*Work request*
From the line containing "using m mono_integrable_on[OF" to the last line of the listing below, repeat every line exactly, and output nothing else.

*Supplied material*

(* Suppose $G$ is twice differentiable and log-concave with density $g$, and there exist constants $B_1,B_2>0$ with $B_1\le g(x)\le B_2$ for all $x\in[0,1]$. Then $b^*(v,\alpha)$ is strictly increasing in $\alpha$, with $\frac{\partial b^*(v,\alpha)}{\partial\alpha}\le \frac{1}{B_1}$.
   Context: $G$ is the CDF of the highest competing bid; for a value $v\in[0,1]$, bid $b\ge0$ and credibility $\alpha\in[0,1]$, $r(v,b,\alpha)=(v-b)G(b)+\alpha\int_0^bG(y)\,dy$ and $b^*(v,\alpha)=\arg\max_b r(v,b,\alpha)$, taking the largest maximizer in case of ties. *)

theory Defs
  imports "HOL-Analysis.Analysis"
begin

definition payoff :: "(real \<Rightarrow> real) \<Rightarrow> real \<Rightarrow> real \<Rightarrow> real \<Rightarrow> real" where
  "payoff G v b \<alpha> = (v - b) * G b + \<alpha> * integral {0..b} G"

definition bstar :: "(real \<Rightarrow> real) \<Rightarrow> real \<Rightarrow> real \<Rightarrow> real" where
  "bstar G v \<alpha> = (GREATEST b. 0 \<le> b \<and> (\<forall>b'\<ge>0. payoff G v b' \<alpha> \<le> payoff G v b \<alpha>))"

end

theory Submission
  imports Defs
begin

text \<open>The payoff has derivative G b * (\<alpha> - A b) in b, where A b = 1 - (v - b) * g b / G b.
  Log-concavity of G makes the reverse hazard rate g / G nonincreasing, and g / G \<ge> g \<ge> B1
  because G \<le> 1; hence A increases on (0, v] with slope at least B1, is negative near 0 and
  equals 1 at v. For \<alpha> \<in> [0, 1] the payoff therefore rises up to the unique root of A = \<alpha> in
  (0, v], falls from there to v, and every bid above v is beaten by v itself. So b* is the inverse
  of A on the preimage of [0, 1], strictly increasing, with derivative 1 / A'(b*) \<le> 1 / B1.\<close>

lemma DERIV_ge_if_right_slopes_ge:
  fixes f :: "real \<Rightarrow> real"
  assumes "(f has_real_derivative D) (at x)" "x < y"
    and "\<And>t. x < t \<Longrightarrow> t < y \<Longrightarrow> c \<le> (f t - f x) / (t - x)"
  shows "c \<le> D"
proof (rule tendsto_lowerbound)
  show "((\<lambda>t. (f t - f x) / (t - x)) \<longlongrightarrow> D) (at_right x)"
    using assms(1) unfolding has_field_derivative_iff by (rule tendsto_mono[rotated]) (simp add: at_le)
  show "\<forall>\<^sub>F t in at_right x. c \<le> (f t - f x) / (t - x)"
    unfolding eventually_at_right_field using assms(2,3) by blast
qed simp

lemma DERIV_imp_left_slopes_tendsto:
  fixes f :: "real \<Rightarrow> real"
  assumes "(f has_real_derivative D) (at y)"
  shows "((\<lambda>t. (f y - f t) / (y - t)) \<longlongrightarrow> D) (at_left y)"
proof -
  have "((\<lambda>t. (f t - f y) / (t - y)) \<longlongrightarrow> D) (at_left y)"
    using assms unfolding has_field_derivative_iff by (rule tendsto_mono[rotated]) (simp add: at_le)
  moreover have "(f t - f y) / (t - y) = (f y - f t) / (y - t)" for t
    by (metis minus_diff_eq minus_divide_divide)
  ultimately show ?thesis by simp
qed

lemma DERIV_le_if_left_slopes_le:
  fixes f :: "real \<Rightarrow> real"
  assumes "(f has_real_derivative D) (at y)" "x < y"
    and "\<And>t. x < t \<Longrightarrow> t < y \<Longrightarrow> (f y - f t) / (y - t) \<le> c"
  shows "D \<le> c"
proof (rule tendsto_upperbound[OF DERIV_imp_left_slopes_tendsto[OF assms(1)]])
  show "\<forall>\<^sub>F t in at_left y. (f y - f t) / (y - t) \<le> c"
    unfolding eventually_at_left_field using assms(2,3) by blast
qed simp

lemma DERIV_ge_if_left_slopes_ge:
  fixes f :: "real \<Rightarrow> real"
  assumes "(f has_real_derivative D) (at y)" "x < y"
    and "\<And>t. x < t \<Longrightarrow> t < y \<Longrightarrow> c \<le> (f y - f t) / (y - t)"
  shows "c \<le> D"
proof (rule tendsto_lowerbound[OF DERIV_imp_left_slopes_tendsto[OF assms(1)]])
  show "\<forall>\<^sub>F t in at_left y. c \<le> (f y - f t) / (y - t)"
    unfolding eventually_at_left_field using assms(2,3) by blast
qed simp

lemma concave_on_DERIV_antimono:
  fixes f :: "real \<Rightarrow> real"
  assumes f: "concave_on I f" and I: "x \<in> I" "y \<in> I" and "x < y"
    and Dx: "(f has_real_derivative Dx) (at x)" and Dy: "(f has_real_derivative Dy) (at y)"
  shows "Dy \<le> Dx"
proof -
  have cvx: "convex_on I (\<lambda>t. - f t)"
    using f by (simp add: concave_on_def)
  define slope where "slope = (f y - f x) / (y - x)"
  have "slope \<le> Dx"
  proof (rule DERIV_ge_if_right_slopes_ge[OF Dx \<open>x < y\<close>])
    fix t assume "x < t" "t < y"
    then show "slope \<le> (f t - f x) / (t - x)"
      using convex_on_slope_le(1)[OF cvx I, of t] unfolding slope_def
      by (simp add: divide_simps algebra_simps)
  qed
  moreover have "Dy \<le> slope"
  proof (rule DERIV_le_if_left_slopes_le[OF Dy \<open>x < y\<close>])
    fix t assume "x < t" "t < y"
    then show "(f y - f t) / (y - t) \<le> slope"
      using convex_on_slope_le(2)[OF cvx I, of t] unfolding slope_def
      by (simp add: divide_simps algebra_simps)
  qed
  ultimately show ?thesis by simp
qed

lemma mono_integrable_on:
  fixes f :: "real \<Rightarrow> real"
  assumes "mono f"
  shows "f integrable_on {a..b}"
  using assms by (intro integrable_on_mono_on) (auto simp: mono_on_def monoD)

lemma mono_integral_le:
  fixes f :: "real \<Rightarrow> real"
  assumes "mono f" "a \<le> b"
  shows "integral {a..b} f \<le> (b - a) * f b"
proof -
  have "integral {a..b} f \<le> integral {a..b} (\<lambda>_. f b)"
    by (rule integral_le) (use assms mono_integrable_on in \<open>auto simp: monoD\<close>)
  then show ?thesis using assms(2) by simp
qed

lemma mono_integral_less:
  fixes f :: "real \<Rightarrow> real"
  assumes f: "mono f" and m: "a < m" "m \<le> b" and "f m < f b"
  shows "integral {a..b} f < (b - a) * f b"
proof -
  have "integral {a..b} f = integral {a..m} f + integral {m..b} f"
    using m mono_integrable_on[OF f] by (simp add: Henstock_Kurzweil_Integration.integral_combine)
  also have "\<dots> \<le> (m - a) * f m + (b - m) * f b"
    using mono_integral_le[OF f] m by (intro add_mono) auto
  also have "\<dots> < (m - a) * f b + (b - m) * f b"
    using m \<open>f m < f b\<close> by simp
  also have "\<dots> = (b - a) * f b"
    by (simp add: algebra_simps)
  finally show ?thesis .
qed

*Exercise answer*
    using m mono_integrable_on[OF f] by (simp add: Henstock_Kurzweil_Integration.integral_combine)
  also have "\<dots> \<le> (m - a) * f m + (b - m) * f b"
    using mono_integral_le[OF f] m by (intro add_mono) auto
  also have "\<dots> < (m - a) * f b + (b - m) * f b"
    using m \<open>f m < f b\<close> by simp
  also have "\<dots> = (b - a) * f b"
    by (simp add: algebra_simps)
  finally show ?thesis .
qed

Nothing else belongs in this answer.